▸ HOW TO COMPLETE THIS TASK
Please reproduce the data in its entirety, word for word.

▸ SUPPLIED INFORMATION
lemma haar_measure_nn_integral_indicator_translate:
  fixes M :: "'a::{group_add,topological_space} measure"
  assumes top: "topological_group_add_type TYPE('a)"
    and haar: "haar_measure M" and B: "B \<in> sets borel"
  shows "(\<integral>\<^sup>+ y. indicator B (c + y) \<partial>M) = emeasure M B"
proof -
  have sets_M: "sets M = sets borel"
    using haar by (simp add: haar_measure_def)
  have vimage: "(\<lambda>y. c + y) -` B = (+) (- c) ` B"
    by (simp add: image_add_eq_vimage)
  have "(\<integral>\<^sup>+ y. indicator B (c + y) \<partial>M) = (\<integral>\<^sup>+ y. indicator ((\<lambda>y. c + y) -` B) y \<partial>M)"
    by (simp add: indicator_def)
  also have "\<dots> = emeasure M ((\<lambda>y. c + y) -` B)"
    using translate_in_sets_borel[OF top B] sets_M unfolding vimage
    by (intro nn_integral_indicator) simp
  also have "\<dots> = emeasure M B"
    using haar B unfolding vimage by (simp add: haar_measure_def)
  finally show ?thesis .
qed

lemma haar_measure_pos_of_translates_cover:
  fixes M :: "'a::{group_add,topological_space} measure"
  assumes top: "topological_group_add_type TYPE('a)"
    and haar: "haar_measure M" and H: "H \<in> sets borel"
    and "finite C" and cover: "(\<Union>c\<in>C. (+) c ` H) = UNIV"
  shows "emeasure M H > 0"
proof (rule ccontr)
  assume "\<not> emeasure M H > 0"
  then have null: "emeasure M H = 0"
    by simp
  have sets_M: "sets M = sets borel"
    using haar by (simp add: haar_measure_def)
  have "emeasure M UNIV \<le> (\<Sum>c\<in>C. emeasure M ((+) c ` H))"
    unfolding cover[symmetric] using translate_in_sets_borel[OF top H] sets_M \<open>finite C\<close>
    by (intro emeasure_subadditive_finite) auto
  also have "\<dots> = 0"
    using haar H null by (simp add: haar_measure_def)
  finally show False
    using haar by (simp add: haar_measure_def)
qed

text \<open>The carrier type is not assumed to be of class \<open>second_countable_topology\<close>, so
  \<open>borel_prod\<close> is not available; a countable basis has to be produced by hand.\<close>

lemma compact_metric_countable_basis:
  assumes "compact (UNIV :: 'a set)"
  obtains B :: "'a::metric_space set set" where "countable B" "topological_basis B"
proof -
  have "\<forall>m::nat. \<exists>K. finite K \<and> (UNIV :: 'a set) \<subseteq> (\<Union>x\<in>K. ball x (1 / Suc m))"
    using assms unfolding compact_eq_totally_bounded by simp
  then obtain F where F: "\<And>m. finite (F m)" "\<And>m. (UNIV :: 'a set) \<subseteq> (\<Union>x\<in>F m. ball x (1 / Suc m))"
    by metis
  define B where "B = (\<Union>m. (\<lambda>x. ball x (1 / Suc m)) ` F m)"
  have "countable B"
    unfolding B_def by (rule countable_UN) (simp_all add: F(1) countable_finite)
  moreover have "topological_basis B"
  proof (rule topological_basisI)
    fix U and p :: 'a
    assume "open U" "p \<in> U"
    then obtain e where "e > 0" "ball p e \<subseteq> U"
      by (rule openE)
    then obtain m :: nat where "inverse (Suc m) < e / 2"
      using reals_Archimedean[of "e / 2"] by auto
    then have m: "2 / Suc m < e"
      by (simp add: field_simps)
    obtain x where x: "x \<in> F m" "p \<in> ball x (1 / Suc m)"
      using F(2)[of m] by blast
    have "ball x (1 / Suc m) \<subseteq> ball p e"
    proof
      fix y assume "y \<in> ball x (1 / Suc m)"
      then have "dist p y < 2 / Suc m"
        using x(2) dist_triangle[of p y x] by (simp add: dist_commute)
      then show "y \<in> ball p e"
        using m by simp
    qed
    then show "\<exists>b\<in>B. p \<in> b \<and> b \<subseteq> U"
      using x \<open>ball p e \<subseteq> U\<close> unfolding B_def by blast
  qed (auto simp: B_def)
  ultimately show thesis
    by (rule that)
qed

lemma open_in_sets_pair_borel:
  fixes A :: "'a::topological_space set set" and B :: "'b::topological_space set set"
    and W :: "('a \<times> 'b) set"
  assumes "countable A" "topological_basis A" "countable B" "topological_basis B" and "open W"
  shows "W \<in> sets (borel \<Otimes>\<^sub>M borel)"
proof -
  define P where "P = (\<lambda>(a, b). a \<times> b) ` (A \<times> B)"
  interpret countable_basis "open" P
    unfolding P_def using assms by (intro countable_basis_openI topological_basis_prod) auto
  obtain P' where "P' \<subseteq> P" "W = \<Union>P'"
    using open_countable_basisE[OF \<open>open W\<close>] .
  moreover have "countable P'"
    using \<open>P' \<subseteq> P\<close> countable_basis by (rule countable_subset)
  moreover have "a \<times> b \<in> sets (borel \<Otimes>\<^sub>M borel)" if "a \<in> A" "b \<in> B" for a b
    using that assms(2,4) by (intro pair_measureI borel_open) (auto dest: topological_basis_open)
  then have "P' \<subseteq> sets (borel \<Otimes>\<^sub>M borel)"
    using \<open>P' \<subseteq> P\<close> unfolding P_def by auto
  ultimately show ?thesis
    by auto
qed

▸ FINISHED TASK
lemma haar_measure_nn_integral_indicator_translate:
  fixes M :: "'a::{group_add,topological_space} measure"
  assumes top: "topological_group_add_type TYPE('a)"
    and haar: "haar_measure M" and B: "B \<in> sets borel"
  shows "(\<integral>\<^sup>+ y. indicator B (c + y) \<partial>M) = emeasure M B"
proof -
  have sets_M: "sets M = sets borel"
    using haar by (simp add: haar_measure_def)
  have vimage: "(\<lambda>y. c + y) -` B = (+) (- c) ` B"
    by (simp add: image_add_eq_vimage)
  have "(\<integral>\<^sup>+ y. indicator B (c + y) \<partial>M) = (\<integral>\<^sup>+ y. indicator ((\<lambda>y. c + y) -` B) y \<partial>M)"
    by (simp add: indicator_def)
  also have "\<dots> = emeasure M ((\<lambda>y. c + y) -` B)"
    using translate_in_sets_borel[OF top B] sets_M unfolding vimage
    by (intro nn_integral_indicator) simp
  also have "\<dots> = emeasure M B"
    using haar B unfolding vimage by (simp add: haar_measure_def)
  finally show ?thesis .
qed

lemma haar_measure_pos_of_translates_cover:
  fixes M :: "'a::{group_add,topological_space} measure"
  assumes top: "topological_group_add_type TYPE('a)"
    and haar: "haar_measure M" and H: "H \<in> sets borel"
    and "finite C" and cover: "(\<Union>c\<in>C. (+) c ` H) = UNIV"
  shows "emeasure M H > 0"
proof (rule ccontr)
  assume "\<not> emeasure M H > 0"
  then have null: "emeasure M H = 0"
    by simp
  have sets_M: "sets M = sets borel"
    using haar by (simp add: haar_measure_def)
  have "emeasure M UNIV \<le> (\<Sum>c\<in>C. emeasure M ((+) c ` H))"
    unfolding cover[symmetric] using translate_in_sets_borel[OF top H] sets_M \<open>finite C\<close>
    by (intro emeasure_subadditive_finite) auto
  also have "\<dots> = 0"
    using haar H null by (simp add: haar_measure_def)
  finally show False
    using haar by (simp add: haar_measure_def)
qed

text \<open>The carrier type is not assumed to be of class \<open>second_countable_topology\<close>, so
  \<open>borel_prod\<close> is not available; a countable basis has to be produced by hand.\<close>

lemma compact_metric_countable_basis:
  assumes "compact (UNIV :: 'a set)"
  obtains B :: "'a::metric_space set set" where "countable B" "topological_basis B"
proof -
  have "\<forall>m::nat. \<exists>K. finite K \<and> (UNIV :: 'a set) \<subseteq> (\<Union>x\<in>K. ball x (1 / Suc m))"
    using assms unfolding compact_eq_totally_bounded by simp
  then obtain F where F: "\<And>m. finite (F m)" "\<And>m. (UNIV :: 'a set) \<subseteq> (\<Union>x\<in>F m. ball x (1 / Suc m))"
    by metis
  define B where "B = (\<Union>m. (\<lambda>x. ball x (1 / Suc m)) ` F m)"
  have "countable B"
    unfolding B_def by (rule countable_UN) (simp_all add: F(1) countable_finite)
  moreover have "topological_basis B"
  proof (rule topological_basisI)
    fix U and p :: 'a
    assume "open U" "p \<in> U"
    then obtain e where "e > 0" "ball p e \<subseteq> U"
      by (rule openE)
    then obtain m :: nat where "inverse (Suc m) < e / 2"
      using reals_Archimedean[of "e / 2"] by auto
    then have m: "2 / Suc m < e"
      by (simp add: field_simps)
    obtain x where x: "x \<in> F m" "p \<in> ball x (1 / Suc m)"
      using F(2)[of m] by blast
    have "ball x (1 / Suc m) \<subseteq> ball p e"
    proof
      fix y assume "y \<in> ball x (1 / Suc m)"
      then have "dist p y < 2 / Suc m"
        using x(2) dist_triangle[of p y x] by (simp add: dist_commute)
      then show "y \<in> ball p e"
        using m by simp
    qed
    then show "\<exists>b\<in>B. p \<in> b \<and> b \<subseteq> U"
      using x \<open>ball p e \<subseteq> U\<close> unfolding B_def by blast
  qed (auto simp: B_def)
  ultimately show thesis
    by (rule that)
qed

lemma open_in_sets_pair_borel:
  fixes A :: "'a::topological_space set set" and B :: "'b::topological_space set set"
    and W :: "('a \<times> 'b) set"
  assumes "countable A" "topological_basis A" "countable B" "topological_basis B" and "open W"
  shows "W \<in> sets (borel \<Otimes>\<^sub>M borel)"
proof -
  define P where "P = (\<lambda>(a, b). a \<times> b) ` (A \<times> B)"
  interpret countable_basis "open" P
    unfolding P_def using assms by (intro countable_basis_openI topological_basis_prod) auto
  obtain P' where "P' \<subseteq> P" "W = \<Union>P'"
    using open_countable_basisE[OF \<open>open W\<close>] .
  moreover have "countable P'"
    using \<open>P' \<subseteq> P\<close> countable_basis by (rule countable_subset)
  moreover have "a \<times> b \<in> sets (borel \<Otimes>\<^sub>M borel)" if "a \<in> A" "b \<in> B" for a b
    using that assms(2,4) by (intro pair_measureI borel_open) (auto dest: topological_basis_open)
  then have "P' \<subseteq> sets (borel \<Otimes>\<^sub>M borel)"
    using \<open>P' \<subseteq> P\<close> unfolding P_def by auto
  ultimately show ?thesis
    by auto
qed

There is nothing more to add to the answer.